Problem statement:
Where a line contains the word "ones", copy that line from the records below.

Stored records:
(* Let $r>0$ and let $\mathcal D=\{({\bm{x}}_i,y_i)\}_{i=1}^n$, ${\bm{x}}_i\in\mathbb{R}^d$, $y_i\in[K]$, be a dataset that is $r$-separated with respect to the $\ell_\infty$-norm. Then there exists a two-layer $\ell_\infty$-distance net ${\bm{g}}:\mathbb{R}^d\to\mathbb{R}^K$ with hidden size $n$ such that the margin-based certified $\ell_\infty$ robust accuracy on $\mathcal D$ under perturbation $\epsilon=r$ is $100\%$, i.e. $\mathsf{margin}({\bm{x}}_i,y_i;{\bm{g}})/2>r$ for every $i\in[n]$.
   Context: $r$-separation: $\mathcal D$ is $r$-separated w.r.t. $\ell_\infty$ if for all $i,j$ with $y_i\neq y_j$ one has $\|{\bm{x}}_i-{\bm{x}}_j\|_\infty>2r$. An $L$-layer $\ell_\infty$-distance net ${\bm{g}}$ with input ${\bm{x}}^{(0)}={\bm{x}}$ computes $x^{(l)}_i=\|{\bm{x}}^{(l-1)}-{\bm{w}}^{(l,i)}\|_\infty+b^{(l)}_i$ ($l\in[L]$, $i\in[n_l]$, arbitrary real parameters), with $n_L=K$ and ${\bm{g}}({\bm{x}})={\bm{x}}^{(L)}$; "hidden size" is the width $n_l$ of the hidden layers $l<L$. The output margin is $\mathsf{margin}({\bm{x}},y;{\bm{g}})=[{\bm{g}}({\bm{x}})]_y-\max_{j\neq y}[{\bm{g}}({\bm{x}})]_j$. Margin-based certification declares the labeled point $({\bm{x}},y)$ certifiably robust at level $\epsilon$ iff $\mathsf{margin}({\bm{x}},y;{\bm{g}})/2>\epsilon$. *)

theory Defs
  imports "HOL-Analysis.Analysis"
begin

text \<open>Conventions: the input dimension d is the finite index type 'd (points in real^'d),
  the dataset index set [n] is the finite type 'n (n = CARD('n)), the label set [K] is the
  finite type 'k (K = CARD('k)).\<close>

definition r_separated :: "real \<Rightarrow> ('n::finite \<Rightarrow> real^'d::finite) \<Rightarrow> ('n \<Rightarrow> 'k) \<Rightarrow> bool" where
  "r_separated r X Y \<longleftrightarrow> (\<forall>i j. Y i \<noteq> Y j \<longrightarrow> infnorm (X i - X j) > 2 * r)"

definition linf_layer :: "real^'a::finite^'m::finite \<Rightarrow> real^'m \<Rightarrow> real^'a \<Rightarrow> real^'m" where
  "linf_layer W b v = (\<chi> i. infnorm (v - W $ i) + b $ i)"

definition linf_net2 ::
  "real^'d::finite^'h::finite \<Rightarrow> real^'h \<Rightarrow> real^'h^'k::finite \<Rightarrow> real^'k \<Rightarrow> real^'d \<Rightarrow> real^'k" where
  "linf_net2 W1 b1 W2 b2 x = linf_layer W2 b2 (linf_layer W1 b1 x)"

definition margin :: "(real^'d \<Rightarrow> real^'k::finite) \<Rightarrow> real^'d \<Rightarrow> 'k \<Rightarrow> real" where
  "margin g x y = g x $ y - Max {g x $ j | j. j \<noteq> y}"

end

theory Submission
  imports Defs
begin

text \<open>The hidden layer computes the distances h j = infnorm (x - X j) to all data points, so
  h i = 0 at x = X i. Output unit k compares h with the template that is C on the points of
  class k and C/2 elsewhere. At X i the unit of the true class sees the coordinate i at distance
  C, while for every other class k each coordinate is at distance less than C - 2r: points of
  class k have h j > 2r by separation, and the remaining ones sit within C/2 of the middle value
  C/2. Hence the margin exceeds 2r once C exceeds both 4r and all pairwise distances.\<close>

lemma infnorm_less_iff_cart: "infnorm (x::real^'n::finite) < c \<longleftrightarrow> (\<forall>i. \<bar>x$i\<bar> < c)"
proof -
  have "{\<bar>x$i\<bar> |i. i \<in> UNIV} = range (\<lambda>i. \<bar>x$i\<bar>)" by auto
  then show ?thesis
    by (simp add: infnorm_cart cSup_eq_Max Max_less_iff)
qed

lemma exists_other_if_card_ge_2:
  assumes "CARD('k::finite) \<ge> 2"
  shows "\<exists>j::'k. j \<noteq> y"
proof (rule ccontr)
  assume "\<not> (\<exists>j::'k. j \<noteq> y)"
  then have "(UNIV::'k set) = {y}" by auto
  then have "CARD('k) = 1" using card_1_singleton_iff by auto
  then show False using assms by simp
qed

lemma margin_gt:
  fixes g :: "real^'d \<Rightarrow> real^'k::finite"
  assumes "CARD('k) \<ge> 2" and "a \<le> g x $ y" and "\<And>j. j \<noteq> y \<Longrightarrow> g x $ j < b"
  shows "a - b < margin g x y"
proof -
  have "{g x $ j | j. j \<noteq> y} \<noteq> {}"
    using exists_other_if_card_ge_2[OF assms(1)] by auto
  then have "Max {g x $ j | j. j \<noteq> y} < b"
    using assms(3) by (auto simp: Max_less_iff)
  then show ?thesis
    using assms(2) unfolding margin_def by simp
qed

definition class_template :: "real \<Rightarrow> ('n \<Rightarrow> 'k) \<Rightarrow> real^'n::finite^'k::finite" where
  "class_template C Y = (\<chi> k j. if Y j = k then C else C / 2)"

lemma linf_net2_distance_layer:
  "linf_net2 (\<chi> j. X j) 0 W2 0 x = (\<chi> k. infnorm ((\<chi> j. infnorm (x - X j)) - W2 $ k))"
  by (simp add: linf_net2_def linf_layer_def)

lemma class_template_true_class:
  assumes "h $ i = 0" and "0 \<le> C"
  shows "C \<le> infnorm (h - class_template C Y $ Y i)"
  using component_le_infnorm_cart[of "h - class_template C Y $ Y i" i] assms
  by (simp add: class_template_def)

lemma class_template_other_class:
  assumes "4 * r < C" and "\<And>j. 0 \<le> h $ j" and "\<And>j. h $ j < C"
    and "\<And>j. Y j = k \<Longrightarrow> 2 * r < h $ j"
  shows "infnorm (h - class_template C Y $ k) < C - 2 * r"
  unfolding infnorm_less_iff_cart
proof
  fix j
  show "\<bar>(h - class_template C Y $ k) $ j\<bar> < C - 2 * r"
    using assms(1) assms(2,3,4)[of j] by (auto simp: class_template_def abs_less_iff)
qed

lemma class_template_net_margin:
  fixes X :: "'n::finite \<Rightarrow> real^'d::finite" and Y :: "'n \<Rightarrow> 'k::finite"
  assumes "CARD('k) \<ge> 2" and "r_separated r X Y"
    and "4 * r < C" and "\<And>i j. infnorm (X i - X j) < C"
  shows "2 * r < margin (linf_net2 (\<chi> j. X j) 0 (class_template C Y) 0) (X i) (Y i)"
proof -
  let ?g = "linf_net2 (\<chi> j. X j) 0 (class_template C Y) 0"
  let ?h = "\<chi> j. infnorm (X i - X j)"
  have "C \<le> ?g (X i) $ Y i"
    unfolding linf_net2_distance_layer
    using assms(3) assms(4)[of i i] infnorm_pos_le[of "X i - X i"]
    by (auto simp: infnorm_0 intro!: class_template_true_class[where i = i])
  moreover have "?g (X i) $ k < C - 2 * r" if "k \<noteq> Y i" for k
  proof -
    have "infnorm (?h - class_template C Y $ k) < C - 2 * r"
    proof (rule class_template_other_class)
      show "2 * r < ?h $ j" if "Y j = k" for j
        using assms(2) \<open>k \<noteq> Y i\<close> that unfolding r_separated_def by simp
    qed (use assms(3,4) in \<open>simp_all add: infnorm_pos_le\<close>)
    then show ?thesis unfolding linf_net2_distance_layer by simp
  qed
  ultimately have "C - (C - 2 * r) < margin ?g (X i) (Y i)"
    by (rule margin_gt[OF assms(1)])
  then show ?thesis by simp
qed

theorem mainTheorem4:
  fixes r :: real
    and X :: "'n::finite \<Rightarrow> real^'d::finite"
    and Y :: "'n \<Rightarrow> 'k::finite"
  assumes "r > 0"
    and "CARD('k) \<ge> 2"
    and "r_separated r X Y"
  shows "\<exists>(W1 :: real^'d^'n) (b1 :: real^'n) (W2 :: real^'n^'k) (b2 :: real^'k).
           \<forall>i. margin (linf_net2 W1 b1 W2 b2) (X i) (Y i) / 2 > r"
proof -
  define S where "S = (\<Sum>i\<in>UNIV. \<Sum>j\<in>UNIV. infnorm (X i - X j))"
  define C where "C = 4 * r + 1 + S"
  have dist_le_S: "infnorm (X i - X j) \<le> S" for i j
  proof -
    have "infnorm (X i - X j) \<le> (\<Sum>j\<in>UNIV. infnorm (X i - X j))"
      by (rule member_le_sum) (auto simp: infnorm_pos_le)
    also have "\<dots> \<le> S" unfolding S_def
      by (rule member_le_sum) (auto intro: sum_nonneg simp: infnorm_pos_le)
    finally show ?thesis .
  qed
  then have "0 \<le> S" by (meson infnorm_pos_le order_trans)
  have C_gt: "4 * r < C" "infnorm (X i - X j) < C" for i j
    using dist_le_S[of i j] \<open>0 \<le> S\<close> assms(1) by (simp_all add: C_def)
  have "2 * r < margin (linf_net2 (\<chi> j. X j) 0 (class_template C Y) 0) (X i) (Y i)" for i
    by (rule class_template_net_margin[OF assms(2,3) C_gt])
  then have "\<forall>i. r < margin (linf_net2 (\<chi> j. X j) 0 (class_template C Y) 0) (X i) (Y i) / 2"
    by (simp add: field_simps)
  then show ?thesis by blast
qed

end
lemma dickson_E_Suc_Suc:
  fixes Z D :: "'a::comm_ring_1"
  shows "dickson_E (Suc (Suc N)) D Z = Z * dickson_E (Suc N) D Z - D * dickson_E N D Z"
proof -
  have shift: "of_nat ((N-i) choose Suc i) * Z * Z^(N - Suc (2*i)) = of_nat ((N-i) choose Suc i) * Z^(N-2*i)" for i
  proof (cases "Suc i \<le> N - i")
    case True
    then have "N - 2*i = Suc (N - Suc (2*i))" by arith
    then show ?thesis by simp
  qed (simp add: binomial_eq_0)
  have lhs: "dickson_E (Suc (Suc N)) D Z = Z^Suc (Suc N) +
     (\<Sum>i\<le>N. (-1)^Suc i * of_nat (((N-i) choose Suc i) + ((N-i) choose i)) * D^Suc i * Z^(N-2*i))"
    unfolding dickson_E_def
    by (subst sum.atMost_Suc_shift, subst sum.atMost_Suc) (auto intro!: sum.cong simp: Suc_diff_le add.commute)
  have "Z * dickson_E (Suc N) D Z = Z^Suc (Suc N) +
     (\<Sum>i\<le>N. (-1)^Suc i * D^Suc i * (of_nat ((N-i) choose Suc i) * Z * Z^(N - Suc (2*i))))"
    unfolding dickson_E_def by (subst sum.atMost_Suc_shift) (simp add: distrib_left sum_distrib_left mult_ac)
  also have "\<dots> = Z^Suc (Suc N) +
     (\<Sum>i\<le>N. (-1)^Suc i * of_nat ((N-i) choose Suc i) * D^Suc i * Z^(N-2*i))"
    by (simp only: shift) (simp add: mult_ac)
  finally have rhs1: "Z * dickson_E (Suc N) D Z = \<dots>" .
  have rhs2: "D * dickson_E N D Z = (\<Sum>i\<le>N. (-1)^i * of_nat ((N-i) choose i) * D^Suc i * Z^(N-2*i))"
    unfolding dickson_E_def by (simp add: sum_distrib_left mult_ac)
  show ?thesis unfolding lhs rhs1 rhs2
    by (simp add: algebra_simps sum_subtractf[symmetric] sum.distrib[symmetric])
qed

lemma dickson_E_sum_prod:
  fixes a b :: "'a::comm_ring_1"
  shows "dickson_E N (a*b) (a+b) = complete_hom a b N"
proof -
  have "dickson_E N (a*b) (a+b) = complete_hom a b N \<and>
        dickson_E (Suc N) (a*b) (a+b) = complete_hom a b (Suc N)"
  proof (induction N)
    case 0
    show ?case by (simp add: dickson_E_def complete_hom_def)
  qed (simp add: dickson_E_Suc_Suc complete_hom_Suc_Suc)
  then show ?thesis ..
qed

lemma dickson_coeff_split:
  assumes "j < m"
  shows "(of_nat m / of_nat (m - j) * of_nat ((m - j) choose j) :: 'a::field_char_0)
     = of_nat ((m - j) choose j) + (if j = 0 then 0 else of_nat ((m - j - 1) choose (j - 1)))"
proof (cases j)
  case 0
  with assms show ?thesis by simp
next
  case (Suc i)
  define N where "N = m - j - 1"
  have mj: "m - j = Suc N" and m: "of_nat m = (of_nat (Suc N) + of_nat (Suc i) :: 'a)"
    using assms Suc by (simp_all add: N_def)
  have field: "(n + i) / n * c = c + x" if "n \<noteq> 0" "c * i = n * x" for n i c x :: 'a
    using that by (simp add: field_simps)
  have "(of_nat (Suc N choose Suc i) * of_nat (Suc i) :: 'a) = of_nat (Suc N) * of_nat (N choose i)"
    using arg_cong[OF Suc_times_binomial_eq[of N i], of "of_nat :: nat \<Rightarrow> 'a"]
    by (simp only: of_nat_mult)
  from field[OF of_nat_neq_0 this] show ?thesis
    unfolding m mj by (simp add: Suc)
qed

lemma dickson_E_restrict:
  assumes "m = 2*k+1"
  shows "dickson_E m D Z = (\<Sum>j\<in>{0..k}. (-1)^j * of_nat ((m-j) choose j) * D^j * Z^(m-2*j))"
  unfolding dickson_E_def
  by (rule sum.mono_neutral_right) (use assms in \<open>auto simp: binomial_eq_0\<close>)
(* Let $A$ and $B$ be complex Hilbert spaces and $n\geq 2$. Let $\vec{\alpha}=(\alpha_1,\ldots,\alpha_n)\in\mathcal{A}_n$. Then for all bounded operators $M_1,\ldots,M_n:A\rightarrow B$ and all positive semidefinite trace class operators $\rho$ on $A$, \[ \left(\sum_{i=1}^n M_i\right)\rho\left(\sum_{i=1}^n M_i\right)^\dagger \leq \sum_{i=1}^n \alpha_i M_i\rho M_i^\dagger . \] Conversely, let $\vec{\alpha}\in\mathbb{R}^n$ and let $(P_1,\ldots,P_n)$ be a projective measurement on $A$ (projections $P_i=P_i^\dagger=P_i^2$ with $\sum_{i=1}^n P_i=\mathbb{1}_A$) with $P_i\neq 0$ for all $i$. If $\left(\sum_i P_i\right)\rho\left(\sum_i P_i\right)^\dagger=\rho \leq \sum_{i=1}^n \alpha_i P_i\rho P_i$ holds for all positive semidefinite trace class operators $\rho$ on $A$, then $\vec{\alpha}\in\mathcal{A}_n$.
   Context: $\mathcal{A}_n := \{\vec{\alpha}\in\mathbb{R}^n : \operatorname{diag}(\vec{\alpha}) \geq J\}$, where $\operatorname{diag}(\vec{\alpha})=\sum_{i=1}^n\alpha_i|i\rangle\langle i|$ is the $n\times n$ diagonal matrix with entries $\alpha_i$, $J=\sum_{i,j=1}^n|i\rangle\langle j|$ is the $n\times n$ all-ones matrix, and $\geq$ denotes the Löwner (positive semidefinite) order. All operator inequalities are in the Löwner order. *)

theory Defs
  imports "HOL-Analysis.Analysis"
begin

class scaleC = scaleR +
  fixes scaleC :: "complex \<Rightarrow> 'a \<Rightarrow> 'a"  (infixr \<open>*\<^sub>C\<close> 75)
  assumes scaleR_scaleC: "scaleR r = scaleC (complex_of_real r)"
section \<open>Solutions of f'' = q f\<close>

lemma has_vector_derivative_inverse:
  fixes f :: "real \<Rightarrow> 'a::real_normed_field"
  assumes "(f has_vector_derivative f') (at x within S)" "f x \<noteq> 0"
  shows "((\<lambda>x. inverse (f x)) has_vector_derivative - (f' / (f x)\<^sup>2)) (at x within S)"
proof -
  have "((\<lambda>x. inverse (f x)) has_derivative (\<lambda>h. - (inverse (f x) * (h *\<^sub>R f') * inverse (f x)))) (at x within S)"
    using Deriv.has_derivative_inverse[OF assms(2) assms(1)[unfolded has_vector_derivative_def]] .
  moreover have "(\<lambda>h. - (inverse (f x) * (h *\<^sub>R f') * inverse (f x))) = (\<lambda>h. h *\<^sub>R (- (f' / (f x)\<^sup>2)))"
    using assms(2) by (auto simp: field_simps power2_eq_square)
  ultimately show ?thesis
    by (simp add: has_vector_derivative_def)
qed

locale nonvanishing_solution =
  fixes a :: real and q f f' f'' :: "real \<Rightarrow> complex"
  assumes a_pos: "a > 0"
    and f': "\<And>x. x \<in> {-a..a} \<Longrightarrow> (f has_vector_derivative f' x) (at x within {-a..a})"
    and f'': "\<And>x. x \<in> {-a..a} \<Longrightarrow> (f' has_vector_derivative f'' x) (at x within {-a..a})"
    and f_ode: "\<And>x. x \<in> {-a..a} \<Longrightarrow> f'' x = q x * f x"
    and f_nonzero: "\<And>x. x \<in> {-a..a} \<Longrightarrow> f x \<noteq> 0"
    and f_0: "f 0 = 1"
begin

lemma zero_mem: "0 \<in> {-a..a}"
  using a_pos by simp

lemma continuous_on_f: "continuous_on {-a..a} f"
  by (rule continuous_on_vector_derivative[OF f'])
lemma card_minimum_triplet_cover_le:
  assumes b: "binary_phylo_tree X V E" and finX: "finite X" and "X \<noteq> {}"
    and m: "minimum_triplet_cover X V E \<T>"
  shows "card \<T> + 3 \<le> 2 * card X"
proof -
  note t = binary_phylo_treeD(1)[OF b] and XV = binary_phylo_treeD(2)[OF b]
  have cov: "triplet_cover X V E \<T>" using m by (simp add: minimum_triplet_cover_def)
  obtain r where r: "r \<in> X" using \<open>X \<noteq> {}\<close> by blast
  have "\<forall>w\<in>V - X. \<exists>P. P \<in> \<T> \<and> (\<exists>p\<in>X. \<exists>q\<in>X. P = {p, q} \<and> supports E {{r, p}, {r, q}, P} w r p q)"
  proof
    fix w assume w: "w \<in> V - X"
    then obtain a b c where abc: "a \<in> X" "b \<in> X" "c \<in> X" and s: "supports E \<T> w a b c"
      using cov unfolding triplet_cover_def interior_def by blast
    have rw: "r \<in> V" "r \<noteq> w" and wV: "w \<in> V" and abcV: "a \<in> V" "b \<in> V" "c \<in> V"
      using r w abc XV by auto
    obtain p q where "{p, q} \<subseteq> {a, b, c}" "{p, q} \<in> \<T>"
        "supports E {{r, p}, {r, q}, {p, q}} w r p q"
      using supports_with_vertex[OF t wV binary_phylo_treeD(4)[OF b w] rw s abcV] by blast
    then show "\<exists>P. P \<in> \<T> \<and> (\<exists>p\<in>X. \<exists>q\<in>X. P = {p, q} \<and> supports E {{r, p}, {r, q}, P} w r p q)"
      using abc by blast
  qed
  then obtain P where P: "\<forall>w\<in>V - X. P w \<in> \<T>
      \<and> (\<exists>p\<in>X. \<exists>q\<in>X. P w = {p, q} \<and> supports E {{r, p}, {r, q}, P w} w r p q)"
    by (rule bchoice[THEN exE])
  define \<T>\<^sub>0 where "\<T>\<^sub>0 = (\<lambda>x. {r, x}) ` (X - {r}) \<union> P ` (V - X)"
  have "triplet_cover X V E \<T>\<^sub>0"
    unfolding triplet_cover_def
  proof
    show "\<T>\<^sub>0 \<subseteq> pairs X"
      using r P cov by (auto simp: \<T>\<^sub>0_def pairs_def triplet_cover_def)
    show "\<forall>w\<in>interior X V. \<exists>a\<in>X. \<exists>b\<in>X. \<exists>c\<in>X. supports E \<T>\<^sub>0 w a b c"
    proof
      fix w assume "w \<in> interior X V"
      then obtain p q where pq: "p \<in> X" "q \<in> X" "P w = {p, q}" "w \<in> V - X"
        and s: "supports E {{r, p}, {r, q}, P w} w r p q"
        using bspec[OF P, of w] by (auto simp: interior_def)
      have "r \<noteq> p" "r \<noteq> q" using supports_distinct[OF s] by simp_all
      then have "{{r, p}, {r, q}, P w} \<subseteq> \<T>\<^sub>0" using pq by (auto simp: \<T>\<^sub>0_def)
      then show "\<exists>a\<in>X. \<exists>b\<in>X. \<exists>c\<in>X. supports E \<T>\<^sub>0 w a b c"
        using supports_mono[OF s] r pq(1,2) by blast
    qed
  qed
  then have "card \<T> \<le> card \<T>\<^sub>0" using m by (simp add: minimum_triplet_cover_def)
  also have "\<dots> \<le> card (X - {r}) + card (V - X)"
    unfolding \<T>\<^sub>0_def using finX is_treeD(1)[OF t]
    by (intro card_Un_le[THEN order_trans] add_mono card_image_le) simp_all
  finally show ?thesis using card_interior_le[OF b] r finX by simp
qed

theorem proposition2:
  fixes X V :: "'v set" and E \<T> :: "'v set set"
  assumes "finite X" and "card X \<ge> 3" and "binary_phylo_tree X V E"
  shows "(minimal_triplet_cover X V E \<T> \<longrightarrow>
            2 \<le> min_multiplicity X \<T> \<and> min_multiplicity X \<T> \<le> 5)
       \<and> (minimum_triplet_cover X V E \<T> \<longrightarrow>
            2 \<le> min_multiplicity X \<T> \<and> min_multiplicity X \<T> \<le> 3)"
proof -
  have ne: "X \<noteq> {}" using assms(2) by auto
  have lower: "2 \<le> min_multiplicity X \<T>" if cov: "triplet_cover X V E \<T>"
    using two_le_multiplicity_triplet_cover[OF assms(3,2,1) cov] assms(1) ne
    by (simp add: min_multiplicity_def)
  have average: "card X * min_multiplicity X \<T> \<le> 2 * card \<T>" if cov: "triplet_cover X V E \<T>"
    using card_mult_min_multiplicity_le[OF assms(1) ne] cov by (simp add: triplet_cover_def)
  have interior: "card (V - X) + 2 \<le> card X" by (rule card_interior_le[OF assms(3)])
  have finV: "finite V" by (rule is_treeD(1)[OF binary_phylo_treeD(1)[OF assms(3)]])
  show ?thesis
  proof (intro conjI impI)
    assume m: "minimal_triplet_cover X V E \<T>"
    then have cov: "triplet_cover X V E \<T>" by (simp add: minimal_triplet_cover_def)
    show "2 \<le> min_multiplicity X \<T>" by (rule lower[OF cov])
    have "card X * min_multiplicity X \<T> < card X * 6"
      using average[OF cov] card_minimal_triplet_cover_le[OF finV m] interior by linarith
    then show "min_multiplicity X \<T> \<le> 5" by simp
  next
    assume m: "minimum_triplet_cover X V E \<T>"
    then have cov: "triplet_cover X V E \<T>" by (simp add: minimum_triplet_cover_def)
    show "2 \<le> min_multiplicity X \<T>" by (rule lower[OF cov])
    have "card X * min_multiplicity X \<T> < card X * 4"
      using average[OF cov] card_minimum_triplet_cover_le[OF assms(3,1) ne m] by linarith
    then show "min_multiplicity X \<T> \<le> 3" by simp
  qed
qed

Output for this task:
  class k have h j > 2r by separation, and the remaining ones sit within C/2 of the middle value
   Context: $\mathcal{A}_n := \{\vec{\alpha}\in\mathbb{R}^n : \operatorname{diag}(\vec{\alpha}) \geq J\}$, where $\operatorname{diag}(\vec{\alpha})=\sum_{i=1}^n\alpha_i|i\rangle\langle i|$ is the $n\times n$ diagonal matrix with entries $\alpha_i$, $J=\sum_{i,j=1}^n|i\rangle\langle j|$ is the $n\times n$ all-ones matrix, and $\geq$ denotes the Löwner (positive semidefinite) order. All operator inequalities are in the Löwner order. *)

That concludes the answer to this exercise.